Joey Levin: Yes. I could challenge a few things and I don’t really think this is a reboot of Angi, but let me engage on the TAM first and then come back to the other part. The TAM for Angi is the same that it’s been and has been the same for quite some time. Some people say the U.S. market is 400 billion or 600 billion, but let’s just stick with 400 billion as the home services market and that includes the simple services and all the way to the more complex services. We’re still servicing the more complex services. We’re just not doing that through our services product. We’re doing that through our ads and leads product. And that’s a really actually phenomenal channel for our ads and leads product because those leads are very valuable to contractors.

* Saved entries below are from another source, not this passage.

(* Let $F$ be a Banach lattice, $H$ a Banach space and $T:F\to H$ bounded. The following are equivalent: (i) $T$ is DNS; (ii) there is no almost disjoint sequence $(f_n)\subset\mathrm{S}_F$ with $\|Tf_n\|\to0$; (iii) there is no non-dispersed closed subspace $E\subset F$ such that $T|_E$ is compact; (iv) there is no non-dispersed closed subspace $E\subset F$ such that $T|_E$ is strictly singular.
   Context: $\mathrm{S}_F$ is the unit sphere. A sequence $(e_n)\subset\mathrm{S}_F$ is almost disjoint if there is a disjoint sequence $(f_n)\subset F$ ($|f_n|\wedge|f_m|=0$, $n\ne m$) with $\|e_n-f_n\|\to0$. A closed subspace $E$ is dispersed if $\mathrm{S}_E$ contains no almost disjoint sequence. An operator is strictly singular if it is not bounded below on any infinite-dimensional subspace. $T$ is DNS if for every disjoint sequence of nonzero vectors $(f_n)$, $T$ restricted to $\overline{\mathrm{span}}\{f_n\}$ is not strictly singular. *)

theory Defs
  imports "HOL-Analysis.Analysis"
begin

definition lmod :: "'a::{lattice, ab_group_add} \<Rightarrow> 'a" where
  "lmod x = sup x (- x)"

class banach_lattice = banach + ordered_real_vector + lattice +
  assumes lattice_norm_mono: "sup x (- x) \<le> sup y (- y) \<Longrightarrow> norm x \<le> norm y"

definition disjoint_seq :: "(nat \<Rightarrow> 'a::banach_lattice) \<Rightarrow> bool" where
  "disjoint_seq f \<longleftrightarrow> (\<forall>n m. n \<noteq> m \<longrightarrow> inf (lmod (f n)) (lmod (f m)) = 0)"

definition almost_disjoint :: "(nat \<Rightarrow> 'a::banach_lattice) \<Rightarrow> bool" where
  "almost_disjoint e \<longleftrightarrow> (\<forall>n. e n \<in> sphere 0 1) \<and>
     (\<exists>f. disjoint_seq f \<and> (\<lambda>n. norm (e n - f n)) \<longlonglongrightarrow> 0)"

definition closed_subspace :: "'a::real_normed_vector set \<Rightarrow> bool" where
  "closed_subspace E \<longleftrightarrow> subspace E \<and> closed E"

definition dispersed :: "'a::banach_lattice set \<Rightarrow> bool" where
  "dispersed E \<longleftrightarrow> \<not> (\<exists>e. (\<forall>n. e n \<in> E) \<and> almost_disjoint e)"

definition infinite_dimensional :: "'a::real_vector set \<Rightarrow> bool" where
  "infinite_dimensional Y \<longleftrightarrow> \<not> (\<exists>B. finite B \<and> Y \<subseteq> span B)"

definition bounded_below_on :: "'a::real_normed_vector set \<Rightarrow> ('a \<Rightarrow> 'b::real_normed_vector) \<Rightarrow> bool" where
  "bounded_below_on Y T \<longleftrightarrow> (\<exists>c>0. \<forall>y\<in>Y. c * norm y \<le> norm (T y))"

definition strictly_singular_on :: "'a::real_normed_vector set \<Rightarrow> ('a \<Rightarrow> 'b::real_normed_vector) \<Rightarrow> bool" where
  "strictly_singular_on E T \<longleftrightarrow>
     (\<forall>Y. subspace Y \<and> Y \<subseteq> E \<and> infinite_dimensional Y \<longrightarrow> \<not> bounded_below_on Y T)"

definition compact_on :: "'a::real_normed_vector set \<Rightarrow> ('a \<Rightarrow> 'b::real_normed_vector) \<Rightarrow> bool" where
  "compact_on E T \<longleftrightarrow> compact (closure (T ` (E \<inter> cball 0 1)))"

definition DNS :: "('a::banach_lattice \<Rightarrow> 'b::real_normed_vector) \<Rightarrow> bool" where
  "DNS T \<longleftrightarrow> (\<forall>f. disjoint_seq f \<and> (\<forall>n. f n \<noteq> 0) \<longrightarrow>
      \<not> strictly_singular_on (closure (span (range f))) T)"

end

theory Submission
  imports Defs "HOL-Library.Lattice_Algebras"
begin

text \<open>
  A unit sequence close to a disjoint sequence \<open>f\<close> behaves, along a fast enough subsequence,
  like \<open>f\<close> itself: the coefficients of a finite combination are bounded by three times its
  norm, and the combination stays close to the corresponding combination of the \<open>f k\<close>.
  Hence, if \<open>T\<close> is strictly singular on a subspace containing an almost disjoint sequence,
  the spans of its tails are infinite dimensional and contain unit vectors with arbitrarily
  small image; taken on pairwise disjoint blocks, they form an almost disjoint sequence that
  \<open>T\<close> sends to zero. Conversely, if \<open>T\<close> sends an almost disjoint sequence to zero, a
  subsequence \<open>g\<close> of the nearby disjoint sequence satisfies \<open>\<parallel>g k\<parallel> \<ge> 1/2\<close> and
  \<open>\<parallel>T (g k)\<parallel> \<le> 2\<^sup>-\<^sup>k\<close>. Disjointness bounds the coefficients of unit vectors of its span
  by 2, so the image of the unit ball is uniformly approximated by compact sets of finite
  combinations and \<open>T\<close> is compact on the closed span of \<open>g\<close>, which is not dispersed. Compact
  restrictions are strictly singular by a Riesz-type argument, which closes the cycle.
\<close>

context banach_lattice begin
subclass lattice_ab_group_add ..
end
lemma det_submatrix_in_one_minus_one_if_unique_sdr:
  fixes A :: "'a :: comm_ring_1 mat"
  assumes A: "A \<in> carrier_mat s n"
    and zero_one: "\<And>i j. i < s \<Longrightarrow> j < n \<Longrightarrow> A $$ (i, j) = 0 \<or> A $$ (i, j) = 1"
    and \<sigma>_inj: "inj_on \<sigma> {0..<s}" and \<sigma>_less: "\<And>i. i < s \<Longrightarrow> \<sigma> i < n"
    and \<sigma>_sdr: "\<And>i. i < s \<Longrightarrow> A $$ (i, \<sigma> i) = 1"
    and \<sigma>_unique: "\<And>\<rho>. \<rho> ` {0..<s} = \<sigma> ` {0..<s} \<Longrightarrow> (\<And>i. i < s \<Longrightarrow> A $$ (i, \<rho> i) = 1) \<Longrightarrow>
      \<forall>i<s. \<rho> i = \<sigma> i"
  shows "det (submatrix A {0..<s} (\<sigma> ` {0..<s})) \<in> {1, -1}"
proof -
  define J where "J = \<sigma> ` {0..<s}"
  have J_sub: "J \<subseteq> {0..<n}"
    using \<sigma>_less unfolding J_def by auto
  have card_J: "card J = s"
    using card_image[OF \<sigma>_inj] unfolding J_def by simp
  define M where "M = submatrix A {0..<s} J"
  have M: "M \<in> carrier_mat s s"
    using submatrix_all_rows_carrier[OF A J_sub] card_J unfolding M_def by simp
  have M_index: "M $$ (i, k) = A $$ (i, pick J k)" if "i < s" "k < s" for i k
    using submatrix_all_rows_index[OF A J_sub] that card_J unfolding M_def by simp
  have pick_bij: "bij_betw (pick J) {0..<s} J"
    using bij_betw_pick[of J] card_J J_sub finite_subset by fastforce
  have \<sigma>_bij: "bij_betw \<sigma> {0..<s} J"
    unfolding J_def using \<sigma>_inj by (rule inj_on_imp_bij_betw)
  obtain p0 where p0: "p0 permutes {0..<s}" and pick_p0: "\<And>i. i \<in> {0..<s} \<Longrightarrow> pick J (p0 i) = \<sigma> i"
    using permutes_factor_bij_betw[OF pick_bij \<sigma>_bij] by blast
  have "det M = signof p0"
  proof (rule det_eq_signof_if_unique_nonvanishing_perm[OF M p0])
    show "M $$ (i, p0 i) = 1" if "i < s" for i
      using that M_index permutes_in_image[OF p0] pick_p0 \<sigma>_sdr by simp
    show "\<exists>i<s. M $$ (i, p i) = 0" if p: "p permutes {0..<s}" and "p \<noteq> p0" for p
    proof (rule ccontr)
      assume nonvanishing: "\<not> (\<exists>i<s. M $$ (i, p i) = 0)"
      have "A $$ (i, pick J (p i)) = 1" if "i < s" for i
      proof -
        have p_i: "p i < s"
          using that permutes_in_image[OF p] by simp
        have "M $$ (i, p i) \<noteq> 0"
          using nonvanishing that by simp
        then have "A $$ (i, pick J (p i)) \<noteq> 0"
          using M_index[OF that p_i] by simp
        moreover have "pick J (p i) < n"
          using p_i bij_betwE[OF pick_bij] J_sub by fastforce
        ultimately show ?thesis
          using zero_one[OF that] by blast
      qed
      moreover have "(pick J \<circ> p) ` {0..<s} = \<sigma> ` {0..<s}"
        unfolding image_comp[symmetric] permutes_image[OF p] bij_betw_imp_surj_on[OF pick_bij]
        by (fact J_def)
      ultimately have "\<forall>i<s. pick J (p i) = pick J (p0 i)"
        using \<sigma>_unique[of "pick J \<circ> p"] pick_p0 by simp
      then have "\<forall>i<s. p i = p0 i"
        using bij_betw_imp_inj_on[OF pick_bij] permutes_in_image[OF p] permutes_in_image[OF p0]
        unfolding inj_on_def by simp
      then have "p = p0"
        using permutes_not_in[OF p] permutes_not_in[OF p0] by (intro ext) (metis atLeastLessThan_iff)
      with \<open>p \<noteq> p0\<close> show False ..
    qed
  qed
  then show ?thesis
    using signof_in_one_minus_one unfolding M_def J_def by simp
qed
lemma Tstar_choice_properties:
  assumes "finite V" "card V = n" "4 dvd n" "admissible_pairs n V P"
  shows "Tstar_choice V P \<subseteq> triangles_on V" "card (Tstar_choice V P) = n\<^sup>2 div 8"
    "\<not> has_rainbow_triangle V (Tstar_choice V P)"
proof -
  have "\<And>p. p \<in> P \<Longrightarrow> p \<subseteq> V \<and> card p = 2" "pairwise disjnt P"
    using assms(4) unfolding admissible_pairs_def by blast+
  then show "Tstar_choice V P \<subseteq> triangles_on V" "\<not> has_rainbow_triangle V (Tstar_choice V P)"
    by (simp_all add: Tstar_choice_subset_triangles_on Tstar_choice_no_rainbow)
  show "card (Tstar_choice V P) = n\<^sup>2 div 8"
    using card_Tstar_choice_admissible[OF assms] .
qed

definition canonical_pairs :: "nat \<Rightarrow> nat set set" where
  "canonical_pairs n = (\<lambda>i. {2 * i, 2 * i + 1}) ` {..<n div 4}"

lemma Union_canonical_pairs: "\<Union>(canonical_pairs n) = {..<2 * (n div 4)}"
proof -
  have "x \<in> {2 * (x div 2), 2 * (x div 2) + 1}" for x :: nat
    by auto
  then show ?thesis
    unfolding canonical_pairs_def by (fastforce simp: less_mult_imp_div_less)
qed

lemma admissible_canonical_pairs: "admissible_pairs n {0..<n} (canonical_pairs n)"
proof -
  have "inj_on (\<lambda>i. {2 * i, 2 * i + 1}) {..<n div 4}"
    by (auto simp: inj_on_def doubleton_eq_iff)
  moreover have "pairwise disjnt (canonical_pairs n)"
    unfolding canonical_pairs_def by (auto simp: pairwise_def disjnt_def; presburger)
  ultimately show ?thesis
    unfolding admissible_pairs_def canonical_pairs_def by (auto simp: card_image)
qed

lemma Tstar_eq_Tstar_choice:
  assumes "4 dvd n"
  shows "Tstar n = Tstar_choice {0..<n} (canonical_pairs n)"
proof -
  have "{0..<n} - \<Union>(canonical_pairs n) = {n div 2..<n}"
    using assms by (auto simp: Union_canonical_pairs)
  then show ?thesis
    unfolding Tstar_def Tstar_choice_def canonical_pairs_def by (auto simp: insert_commute)
qed

lemma Tstar_choice_image:
  assumes "bij_betw f V W" "\<And>p. p \<in> P \<Longrightarrow> p \<subseteq> V"
  shows "Tstar_choice W ((`) f ` P) = (`) f ` Tstar_choice V P"
proof -
  have "\<Union>P \<subseteq> V"
    using assms(2) by blast
  with assms(1) have "W - \<Union>((`) f ` P) = f ` (V - \<Union>P)"
    unfolding bij_betw_def by (metis Diff_subset image_Union inj_on_image_set_diff)
  moreover have "(\<lambda>(q, r). insert r q) \<circ> map_prod ((`) f) f = (`) f \<circ> (\<lambda>(p, r). insert r p)"
    by auto
  ultimately show ?thesis
    unfolding Tstar_choice_eq_image by (metis image_comp map_prod_surj_on)
qed

lemma ex_enumeration_of_pairs:
  assumes "finite H" "\<And>p. p \<in> H \<Longrightarrow> card p = 2"
  obtains e :: "nat \<Rightarrow> 'a" where "(\<lambda>i. {e (2 * i), e (2 * i + 1)}) ` {..<card H} = H"
proof -
  obtain g where g: "bij_betw g {..<card H} H"
    using ex_bij_betw_nat_finite[OF assms(1)] by (auto simp: atLeast0LessThan)
  have "\<forall>p\<in>H. \<exists>a b. p = {a, b}"
    using assms(2) by (meson card_2_iff)
  then obtain c1 c2 where c: "\<And>p. p \<in> H \<Longrightarrow> p = {c1 p, c2 p}"
    by metis
  define e where "e j = (if even j then c1 else c2) (g (j div 2))" for j
  have "{e (2 * i), e (2 * i + 1)} = g i" if "i < card H" for i
    using c[of "g i"] g that unfolding e_def bij_betw_def by auto
  then have "(\<lambda>i. {e (2 * i), e (2 * i + 1)}) ` {..<card H} = g ` {..<card H}"
    by (intro image_cong) auto
  with g that show ?thesis
    by (simp add: bij_betw_imp_surj_on)
qed

lemma ex_bij_onto_canonical_pairs:
  assumes "finite V" "card V = n" "admissible_pairs n V H"
  obtains f where "bij_betw f {0..<n} V" "(`) f ` canonical_pairs n = H"
proof -
  define k where "k = n div 4"
  define R where "R = V - \<Union>H"
  have "finite H" "card H = k" "\<Union>H \<subseteq> V" and pairs: "\<And>p. p \<in> H \<Longrightarrow> card p = 2"
    using assms(3) unfolding admissible_pairs_def k_def by auto
  then have "card (\<Union>H) = 2 * k"
    using assms(3) card_Union_pairs unfolding admissible_pairs_def by metis
  then have "card R = n - 2 * k" "2 * k \<le> n"
    using assms(1,2) \<open>\<Union>H \<subseteq> V\<close> unfolding R_def k_def by (simp_all add: card_Diff_subset finite_subset)
  obtain e where e: "(\<lambda>i. {e (2 * i), e (2 * i + 1)}) ` {..<k} = H"
    using ex_enumeration_of_pairs[OF \<open>finite H\<close> pairs] \<open>card H = k\<close> by metis
  obtain h where h: "bij_betw h {0..<n - 2 * k} R"
    using ex_bij_betw_nat_finite[of R] assms(1) \<open>card R = n - 2 * k\<close> unfolding R_def by auto
  define f where "f j = (if j < 2 * k then e j else h (j - 2 * k))" for j
  have pairs_image: "(`) f ` canonical_pairs n = H"
    unfolding canonical_pairs_def k_def[symmetric] e[symmetric] image_image
    by (intro image_cong) (auto simp: f_def)
  have "f ` {..<2 * k} = \<Union>H"
    using Union_canonical_pairs[of n] pairs_image unfolding k_def by (metis image_Union)
  moreover have "f ` {2 * k..<n} = R"
  proof -
    have "f ` {2 * k..<n} = f ` (\<lambda>m. m + 2 * k) ` {0..<n - 2 * k}"
      using \<open>2 * k \<le> n\<close> by simp
    also have "\<dots> = h ` {0..<n - 2 * k}"
      unfolding image_image f_def by simp
    finally show ?thesis
      using h by (simp add: bij_betw_imp_surj_on)
  qed
  moreover have "{0..<n} = {..<2 * k} \<union> {2 * k..<n}"
    using \<open>2 * k \<le> n\<close> by auto
  ultimately have "f ` {0..<n} = \<Union>H \<union> R"
    by (metis image_Un)
  then have "f ` {0..<n} = V"
    using \<open>\<Union>H \<subseteq> V\<close> unfolding R_def by auto
  then have "bij_betw f {0..<n} V"
    using assms(2) by (simp add: bij_betw_def eq_card_imp_inj_on)
  with pairs_image that show ?thesis
    by blast
qed

lemma Tstar_choice_isomorphic_Tstar:
  assumes "finite V" "card V = n" "4 dvd n" "admissible_pairs n V H"
  shows "\<exists>f. bij_betw f {0..<n} V \<and> Tstar_choice V H = (\<lambda>t. f ` t) ` Tstar n"
proof -
  obtain f where f: "bij_betw f {0..<n} V" "(`) f ` canonical_pairs n = H"
    using ex_bij_onto_canonical_pairs[OF assms(1,2,4)] .
  have "Tstar_choice V H = (`) f ` Tstar_choice {0..<n} (canonical_pairs n)"
    using Tstar_choice_image[OF f(1)] admissible_canonical_pairs[of n] f(2)
    unfolding admissible_pairs_def by metis
  with f(1) \<open>4 dvd n\<close> show ?thesis
    by (auto simp: Tstar_eq_Tstar_choice)
qed

section \<open>Apexes and legs of a rainbow-free family\<close>

locale rainbow_free_family =
  fixes V :: "'a set" and T :: "'a set set"
  assumes members_triangles: "T \<subseteq> triangles_on V"
    and no_rainbow: "\<not> has_rainbow_triangle V T"
begin

lemma memberD:
  assumes "t \<in> T"
  shows "t \<subseteq> V" "card t = 3" "finite t"
proof -
  show "t \<subseteq> V" "card t = 3"
    using assms members_triangles unfolding triangles_on_def by blast+
  then show "finite t"
    by (intro card_ge_0_finite) simp
qed

lemma finite_members: "finite V \<Longrightarrow> finite T"
  using memberD(1) by (meson Pow_iff finite_Pow_iff finite_subset subsetI)

lemma member_eq:
  assumes "t \<in> T" "{x, y, z} \<subseteq> t" "x \<noteq> y" "y \<noteq> z" "x \<noteq> z"
  shows "t = {x, y, z}"
proof -
  have "card {x, y, z} = card t"
    using assms(3-5) memberD(2)[OF assms(1)] by simp
  from card_subset_eq[OF memberD(3)[OF assms(1)] assms(2) this] show ?thesis
    by (rule sym)
qed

And we can make real money on that and continue to and have a great customer experience where a homeowner comes to our platform, looks for a service professional who can deliver in those complex services and we help find them a service professional who can deliver in those more complex services, and we’re paid on that on a, either on a lead basis or on a fixed annual contract basis from the service professional. That’s a great place for us to be. Again, there’s a revenue recognition difference, which is, if you stick with the 400 billion, pick what percentage you think is spent on marketing, some say between 10% and 20% dispensed on marketing, call that 40 billion to 80 billion, that’s still the area that we’re playing in. It’s just booked now is 40 billion to 80 billion instead of the 400 billion.
So, we are still in that. We’re still in that with a product that services that customer. We are just not in that example doing the kitchen or the remodel ourselves or being in the middle of that transaction, where we’re in the middle of the transaction is when it’s the smaller, less complex jobs. In terms of reboot and where we’re going with Angi overall, we there is no question we overspent in 2022. There’s no question we tried a lot of things, some of which did not work. We shouldn’t take from that lesson to not try new things. We should take from that lesson to when you’re trying new things to be more diligent and efficient on capital. And really importantly, and I said this in the shareholder letter and I’ve been saying it a lot internally and we’ll say it.